В дни особых торжеств мы, будто спохватившись, навещаем и чествуем эти образы, мы собираемся перед ними, чтобы привлечь благосклонность этих скромных домашних духов-покровителей.

Агнец

С той же грустью, что Юпитер об Амалтее, я вспоминаю об одной овечке из нашей овчарни, которая произвела на свет ягненка в тот же день, когда родился я. Ее перевели в дом и поселили в нашей спальне, и я пил ее молоко всякий раз, когда мне не хватало материнского. Так я стал молочным братом ягненка — моего первого друга, самого близкого, и моей первой игрушки, самой послушной из всех. У меня не осталось четкого визуального воспоминания ни о нем, ни о его матери, но мои руки помнят мягкость их шерсти, которую непрестанно гладили.

Животное, увиденное нами первым, кажется, предназначено для того, чтобы символизировать жизнь в наших глазах, особенно если оно все время рядом с нами, — оно словно побуждает нас сделать из него идола, объект поклонения, тотем; его образ множится на наших знаменах, мы хотим видеть его и на всем нашем оружии. Для меня, попавшего из отцовского дома в Божий, где меня крестили (тогда я впервые в жизни вышел из-под семейного крова), — не чудом ли было узреть там обожествленного Агнца — точь-в-точь такого же, как тот, с которым я спал в одной колыбели? Язык и флёр христианской мифологии настолько хорошо сообразуются с мифологией природы, что, кажется, сливаются воедино: поэзия абсолютного смирения, побуждение к мученичеству, апофеоз пасхальной жертвы, — всё, что я видел вокруг, предлагало мне этот идеал. И если мой отец-мясник был жрецом Ветхого Завета, то как сам я мог не сделаться провозвестником Нового?

Горлицы

Чуть позже у меня появились горлицы — их приобрел, чтобы скрасить мне детство, мой отец, в чьей натуре было что-то от поэта и от птицелова. Ему были известны голоса и повадки всех птиц, которые у нас когда-либо жили. Моим первым поступком стало подражание нашим горлицам: слегка покачивая головой, как они, я повторял за ними все движения и их нежное любовное воркование: «Кур-ру… кур-ру…» В следующий раз я увидел и услышал что-то похожее почти полвека спустя, когда отец, незадолго до смерти, настолько отчетливо напомнил мне их, что у меня выступили слезы на глазах: точно так же, как я в детстве, он слегка покачивал своей седой головой, словно бы сейчас видел меня тогдашним младенцем — или ему казалось, что он превратился в меня, — и тихо повторял: «Кур-ру… кур-ру…»

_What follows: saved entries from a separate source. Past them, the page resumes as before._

(* Let $\mathbf{b}=(b_n)_{n\in\mathbb{N}_0}$ be a $D$-sequence. Then $\frac{b_{n+1}}{b_n}\to\infty$ if and only if $b_j\to 0$ in $(\mathbb{Z},\tau_{\mathbf{b}})$.
   Context: $\mathbb{T}=\mathbb{R}/\mathbb{Z}$; $\mathbb{T}_m=[-\frac{1}{4m},\frac{1}{4m}]+\mathbb{Z}$. A $D$-sequence is a sequence $\mathbf{b}=(b_n)_{n\in\mathbb{N}_0}$ of natural numbers with $b_0=1$, $b_n\mid b_{n+1}$, $b_n\neq b_{n+1}$. $\tau_{\mathbf{b}}$ is the group topology on $\mathbb{Z}$ with neighborhood basis at $0$ given by $V_{\mathbf{b},m}=\{k\in\mathbb{Z}: \frac{k}{b_n}+\mathbb{Z}\in\mathbb{T}_m \text{ for all } n\in\mathbb{N}\}$, $m\in\mathbb{N}$. *)

theory Defs
  imports "HOL-Analysis.Analysis"
begin

definition D_sequence :: "(nat \<Rightarrow> nat) \<Rightarrow> bool" where
  "D_sequence b \<longleftrightarrow> b 0 = 1 \<and> (\<forall>n. b n > 0) \<and> (\<forall>n. b n dvd b (Suc n) \<and> b n \<noteq> b (Suc n))"

text \<open>Membership of x + Z in T_m = [-1/(4m), 1/(4m)] + Z.\<close>
definition in_T :: "nat \<Rightarrow> real \<Rightarrow> bool" where
  "in_T m x \<longleftrightarrow> (\<exists>z::int. \<bar>x - real_of_int z\<bar> \<le> 1 / (4 * real m))"

definition V_b :: "(nat \<Rightarrow> nat) \<Rightarrow> nat \<Rightarrow> int set" where
  "V_b b m = {k::int. \<forall>n\<ge>1. in_T m (real_of_int k / real (b n))}"

definition tau_b :: "(nat \<Rightarrow> nat) \<Rightarrow> int topology" where
  "tau_b b = topology (\<lambda>U. \<forall>x\<in>U. \<exists>m\<ge>1. (\<lambda>k. x + k) ` V_b b m \<subseteq> U)"

end

theory Submission
  imports Defs
begin

(* The sets V_b b m form a neighbourhood basis at 0 of tau_b b: they
   contain 0, shrink as m grows, and V_b b (2m) + V_b b (2m) \<subseteq> V_b b m.  Hence
   convergence to 0 in tau_b b means "eventually in every V_b b m".
   For a D-sequence, b_j/b_n is an integer for n \<le> j, and lies in [0, b_j/b_(j+1)]
   with b_j/b_(j+1) \<le> 1/2 for n > j.  So b_j \<in> V_b b m exactly when the single
   number b_j/b_(j+1) lies within 1/(4m) of 0, i.e. when b_(j+1)/b_j \<ge> 4m.
   Consequently b_j \<rightarrow> 0 iff for every m the quotients eventually exceed 4m,
   which is divergence of the quotients to infinity. *)

lemma in_T_antimono:
  assumes "1 \<le> m" "m \<le> m'" "in_T m' x"
  shows "in_T m x"
proof -
  obtain z :: int where z: "\<bar>x - z\<bar> \<le> 1 / (4 * real m')"
    using assms(3) by (auto simp: in_T_def)
  have "1 / (4 * real m') \<le> 1 / (4 * real m)"
    using assms(1,2) by (simp add: frac_le)
  with z show ?thesis unfolding in_T_def by (blast intro: order_trans)
qed

lemma in_T_add:
  assumes "in_T (2 * m) x" "in_T (2 * m) y"
  shows "in_T m (x + y)"
proof -
  obtain z1 z2 :: int where z: "\<bar>x - z1\<bar> \<le> 1 / (8 * real m)" "\<bar>y - z2\<bar> \<le> 1 / (8 * real m)"
    using assms by (auto simp: in_T_def)
  have "\<bar>(x + y) - real_of_int (z1 + z2)\<bar> \<le> \<bar>x - z1\<bar> + \<bar>y - z2\<bar>" by simp
  also have "\<dots> \<le> 1 / (4 * real m)" using z by simp
  finally show ?thesis unfolding in_T_def by blast
qed

text \<open>On [0, 1/2] the nearest integer is 0, so membership in T_m is a plain bound.\<close>
lemma in_T_small_iff:
  assumes "0 \<le> x" "x \<le> 1 / 2"
  shows "in_T m x \<longleftrightarrow> x \<le> 1 / (4 * real m)"
proof
  assume "in_T m x"
  then obtain z :: int where z: "\<bar>x - z\<bar> \<le> 1 / (4 * real m)" by (auto simp: in_T_def)
  have "x \<le> \<bar>x - z\<bar>"
  proof (cases "z \<le> 0")
    case True
    then show ?thesis using assms(1) by linarith
  next
    case False
    then have "real_of_int z \<ge> 1" by simp
    then show ?thesis using assms(2) by linarith
  qed
  with z show "x \<le> 1 / (4 * real m)" by linarith
next
  assume "x \<le> 1 / (4 * real m)"
  then show "in_T m x" using assms(1) unfolding in_T_def by (intro exI[of _ 0]) simp
qed

lemma in_T_of_int: "in_T m (real_of_int z)"
  unfolding in_T_def by (intro exI[of _ z]) simp

lemma V_b_zero: "0 \<in> V_b b m"
  unfolding V_b_def using in_T_of_int[of m 0] by simp

lemma V_b_antimono: "1 \<le> m \<Longrightarrow> m \<le> m' \<Longrightarrow> V_b b m' \<subseteq> V_b b m"
  unfolding V_b_def using in_T_antimono by blast

lemma V_b_add: "u \<in> V_b b (2 * m) \<Longrightarrow> v \<in> V_b b (2 * m) \<Longrightarrow> u + v \<in> V_b b m"
  unfolding V_b_def by (auto simp: add_divide_distrib intro: in_T_add)

text \<open>The defining predicate of tau_b b is a topology: closure under finite
  intersections uses that the V_b b m are nested.\<close>
lemma istopology_tau_b: "istopology (\<lambda>U. \<forall>x\<in>U. \<exists>m\<ge>1. (\<lambda>k. x + k) ` V_b b m \<subseteq> U)"
  unfolding istopology_def
proof (intro conjI allI impI ballI)
  fix S T x
  assume S: "\<forall>x\<in>S. \<exists>m\<ge>1. (+) x ` V_b b m \<subseteq> S"
    and T: "\<forall>x\<in>T. \<exists>m\<ge>1. (+) x ` V_b b m \<subseteq> T" and x: "x \<in> S \<inter> T"
  then obtain m1 m2 where m: "m1 \<ge> 1" "(+) x ` V_b b m1 \<subseteq> S" "m2 \<ge> 1" "(+) x ` V_b b m2 \<subseteq> T"
    by blast
  have "V_b b (max m1 m2) \<subseteq> V_b b m1" "V_b b (max m1 m2) \<subseteq> V_b b m2"
    using m V_b_antimono[of _ "max m1 m2"] by auto
  then have "(+) x ` V_b b (max m1 m2) \<subseteq> S \<inter> T" using m by blast
  moreover have "1 \<le> max m1 m2" using m by simp
  ultimately show "\<exists>m\<ge>1. (+) x ` V_b b m \<subseteq> S \<inter> T" by blast
next
  fix K x
  assume "\<forall>S\<in>K. \<forall>x\<in>S. \<exists>m\<ge>1. (+) x ` V_b b m \<subseteq> S" and "x \<in> \<Union>K"
  then show "\<exists>m\<ge>1. (+) x ` V_b b m \<subseteq> \<Union>K" by (meson Union_iff Union_upper order_trans)
qed

lemma openin_tau_b:
  "openin (tau_b b) U \<longleftrightarrow> (\<forall>x\<in>U. \<exists>m\<ge>1. (\<lambda>k. x + k) ` V_b b m \<subseteq> U)"
  unfolding tau_b_def topology_inverse'[OF istopology_tau_b] by (rule refl)

lemma topspace_tau_b: "topspace (tau_b b) = UNIV"
proof -
  have "openin (tau_b b) UNIV" unfolding openin_tau_b by auto
  then show ?thesis by (simp add: openin_subset subset_antisym)
qed

text \<open>Openness is where V_b b (2m) + V_b b (2m) \<subseteq> V_b b m is needed.\<close>
lemma V_b_neighbourhood:
  assumes "m \<ge> 1"
  shows "\<exists>U. openin (tau_b b) U \<and> 0 \<in> U \<and> U \<subseteq> V_b b m"
proof -
  define U where "U = {x. \<exists>m'\<ge>1. (+) x ` V_b b m' \<subseteq> V_b b m}"
  have "openin (tau_b b) U" unfolding openin_tau_b
  proof
    fix x assume "x \<in> U"
    then obtain m' where m': "m' \<ge> 1" "(+) x ` V_b b m' \<subseteq> V_b b m" unfolding U_def by blast
    have "(+) y ` V_b b (2 * m') \<subseteq> V_b b m" if y: "y \<in> (+) x ` V_b b (2 * m')" for y
    proof -
      obtain v where v: "v \<in> V_b b (2 * m')" "y = x + v" using y by blast
      have "x + (v + u) \<in> V_b b m" if "u \<in> V_b b (2 * m')" for u
        using m'(2) V_b_add[OF v(1) that] by blast
      then show ?thesis using v(2) by (auto simp: add.assoc)
    qed
    then have "(+) x ` V_b b (2 * m') \<subseteq> U" using m'(1) unfolding U_def
      by (auto intro!: exI[of _ "2 * m'"])
    then show "\<exists>m\<ge>1. (+) x ` V_b b m \<subseteq> U" using m'(1) by (intro exI[of _ "2 * m'"]) simp
  qed
  moreover have "0 \<in> U" unfolding U_def using assms by auto
  moreover have "U \<subseteq> V_b b m"
    unfolding U_def using V_b_zero by fastforce
  ultimately show ?thesis by blast
qed

lemma limitin_tau_b_zero:
  "limitin (tau_b b) f 0 F \<longleftrightarrow> (\<forall>m\<ge>1. eventually (\<lambda>j. f j \<in> V_b b m) F)"
proof
  assume lim: "limitin (tau_b b) f 0 F"
  show "\<forall>m\<ge>1. eventually (\<lambda>j. f j \<in> V_b b m) F"
  proof (intro allI impI)
    fix m :: nat assume "m \<ge> 1"
    then obtain U where U: "openin (tau_b b) U" "0 \<in> U" "U \<subseteq> V_b b m"
      using V_b_neighbourhood by blast
    then have "eventually (\<lambda>j. f j \<in> U) F" using lim unfolding limitin_def by blast
    then show "eventually (\<lambda>j. f j \<in> V_b b m) F" using U(3) by (auto elim: eventually_mono)
  qed
next
  assume ev: "\<forall>m\<ge>1. eventually (\<lambda>j. f j \<in> V_b b m) F"
  show "limitin (tau_b b) f 0 F" unfolding limitin_def topspace_tau_b
  proof (intro conjI UNIV_I allI impI)
    fix U assume "openin (tau_b b) U \<and> 0 \<in> U"
    then obtain m where "m \<ge> 1" "V_b b m \<subseteq> U" unfolding openin_tau_b by fastforce
    moreover have "eventually (\<lambda>j. f j \<in> V_b b m) F" using ev \<open>m \<ge> 1\<close> by blast
    ultimately show "eventually (\<lambda>j. f j \<in> U) F" by (auto elim: eventually_mono)
  qed
qed

lemma D_sequence_pos: "D_sequence b \<Longrightarrow> b n > 0"
  unfolding D_sequence_def by blast

lemma D_sequence_dvd:
  assumes "D_sequence b" "j \<le> n"
  shows "b j dvd b n"
  using assms(2) by (rule transitive_stepwise_le)
    (use assms(1) in \<open>auto simp: D_sequence_def intro: dvd_trans\<close>)

lemma D_sequence_double:
  assumes "D_sequence b"
  shows "2 * b j \<le> b (Suc j)"
proof -
  obtain k where k: "b (Suc j) = b j * k" using assms unfolding D_sequence_def by blast
  have "k \<noteq> 1" using assms k unfolding D_sequence_def by (metis mult.right_neutral)
  moreover have "k \<noteq> 0" using k D_sequence_pos[OF assms, of "Suc j"] by auto
  ultimately show ?thesis using k by (simp add: mult.commute)
qed

lemma D_sequence_inverse_quotient_bounds:
  assumes "D_sequence b"
  shows "0 < real (b j) / real (b (Suc j))" "real (b j) / real (b (Suc j)) \<le> 1 / 2"
  using D_sequence_double[OF assms, of j] D_sequence_pos[OF assms]
  by (simp_all add: field_simps flip: of_nat_mult)

text \<open>Membership of b_j in V_b b m depends only on the next quotient: for n \<le> j the
  number b_j/b_n is an integer, and for n > j it lies between 0 and b_j/b_(j+1) \<le> 1/2,
  where membership in T_m is monotone.\<close>
lemma D_sequence_in_V_b_iff:
  assumes D: "D_sequence b"
  shows "int (b j) \<in> V_b b m \<longleftrightarrow> in_T m (real (b j) / real (b (Suc j)))"
proof
  assume "int (b j) \<in> V_b b m"
  then show "in_T m (real (b j) / real (b (Suc j)))" unfolding V_b_def by auto
next
  note pos = D_sequence_pos[OF D]
  define x where "x = real (b j) / real (b (Suc j))"
  have x2: "x \<le> 1 / 2" unfolding x_def by (rule D_sequence_inverse_quotient_bounds[OF D])
  assume "in_T m x"
  then have x_small: "x \<le> 1 / (4 * real m)" using in_T_small_iff x2 unfolding x_def by simp
  have "in_T m (real (b j) / real (b n))" for n
  proof (cases "n \<le> j")
    case True
    then obtain k where "b j = b n * k" using D_sequence_dvd[OF D] by blast
    then have "real (b j) / real (b n) = real_of_int (int k)" using pos[of n] by simp
    then show ?thesis using in_T_of_int by metis
  next
    case False
    then have "b (Suc j) \<le> b n"
      using D_sequence_dvd[OF D, of "Suc j" n] pos[of n] by (simp add: dvd_imp_le)
    then have "real (b j) / real (b n) \<le> x" unfolding x_def using pos by (simp add: frac_le)
    then have "real (b j) / real (b n) \<le> 1 / (4 * real m)"
      and "real (b j) / real (b n) \<le> 1 / 2" using x_small x2 by linarith+
    then show ?thesis by (simp add: in_T_small_iff)
  qed
  then show "int (b j) \<in> V_b b m" unfolding V_b_def by simp
qed

lemma D_sequence_in_V_b_iff_quotient:
  assumes D: "D_sequence b" and m: "m \<ge> 1"
  shows "int (b j) \<in> V_b b m \<longleftrightarrow> 4 * real m \<le> real (b (Suc j)) / real (b j)"
proof -
  have "in_T m (real (b j) / real (b (Suc j)))
        \<longleftrightarrow> real (b j) / real (b (Suc j)) \<le> 1 / (4 * real m)"
    using D_sequence_inverse_quotient_bounds[OF D] by (intro in_T_small_iff) auto
  also have "\<dots> \<longleftrightarrow> 4 * real m \<le> real (b (Suc j)) / real (b j)"
    using D_sequence_pos[OF D, of j] D_sequence_pos[OF D, of "Suc j"] m
    by (simp add: field_simps)
  finally show ?thesis using D_sequence_in_V_b_iff[OF D] by simp
qed

lemma filterlim_at_top_iff_multiples:
  "filterlim f at_top F \<longleftrightarrow> (\<forall>m::nat\<ge>1. eventually (\<lambda>x. 4 * real m \<le> f x) F)"
proof
  assume "filterlim f at_top F"
  then show "\<forall>m::nat\<ge>1. eventually (\<lambda>x. 4 * real m \<le> f x) F"
    unfolding filterlim_at_top by blast
next
  assume ev: "\<forall>m::nat\<ge>1. eventually (\<lambda>x. 4 * real m \<le> f x) F"
  show "filterlim f at_top F" unfolding filterlim_at_top
  proof
    fix Z :: real
    define m where "m = nat \<lceil>Z\<rceil> + 1"
    have "m \<ge> 1" unfolding m_def by simp
    then have "eventually (\<lambda>x. 4 * real m \<le> f x) F" using ev by blast
    moreover have "Z \<le> 4 * real m" unfolding m_def using real_nat_ceiling_ge[of Z] by simp
    ultimately show "eventually (\<lambda>x. Z \<le> f x) F" by (auto elim: eventually_mono)
  qed
qed

theorem corollary3p6:
  fixes b :: "nat \<Rightarrow> nat"
  assumes "D_sequence b"
  shows "filterlim (\<lambda>n. real (b (Suc n)) / real (b n)) at_top sequentially
         \<longleftrightarrow> limitin (tau_b b) (\<lambda>j. int (b j)) 0 sequentially"
  unfolding filterlim_at_top_iff_multiples limitin_tau_b_zero
  using D_sequence_in_V_b_iff_quotient[OF assms] by simp

end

Они жили на окне большой гостиной, свободно, под сенью пальмы, от которой почти никогда не удалялись, обычно сидя на ободке большой керамической вазы, в которой она росла. Летом они иногда вылетали во двор, но, храня верность своему дереву и нам, неизменно возвращались. Во время званых обедов, возбужденные и встревоженные присутствием и разговорами большого количества гостей, они начинали кружиться над столом, порой садясь на карнизы или оконные рамы, но в конце концов опускались на плечи отца, который кормил их из рук. Когда все расходились, они становились полноправными хозяйками гостиной и атаковали стол в поисках чего-то съедобного, остававшегося на тарелках.

Однажды весенним днем, из-за того, что мы забыли подрезать им крылья, а дверь магазина после обеда осталась открытой, они решились на авантюру и выпорхнули наружу. Возможно, что-то их вспугнуло, и они в панике заметались над улицей. Тот переполох, который мы устроили, пытаясь вернуть их, в конце концов привел к тому, что мы их потеряли, — можно сказать, сами у себя их отняли. Сначала мы едва не поймали их на балконе у бакалейщика Ламоро, откуда они перелетели на Рыночную площадь, потом — в витрине аптекаря Малле, где они носились туда-сюда, в полном смятении. Но увы, отец на тот момент отсутствовал, а только он мог приманить их звуками своего голоса. Затем они полетели в сторону Мендигура, где он работал. Узнали ли они его, случайно пролетая мимо, или же специально отправились на его поиски, но не нашли? Так или иначе, мы никогда их больше не видели, и без них, без их крыльев, дом надолго утратил для отца всякое очарование, словно покинутый ангелами рай — для Бога.

Кобылица

С теми же чувствами, что постаревший Беллерофонт — о Пегасе, я часто вспоминаю о кобыле моего отца — одном из тех удивительных животных, которых ласковое обхождение хозяев превращает почти в людей. Держу пари, что древние язычники поклонялись бы ей, а после ее смерти поместили бы ее изображение рядом с изображениями предков, возле семейного очага.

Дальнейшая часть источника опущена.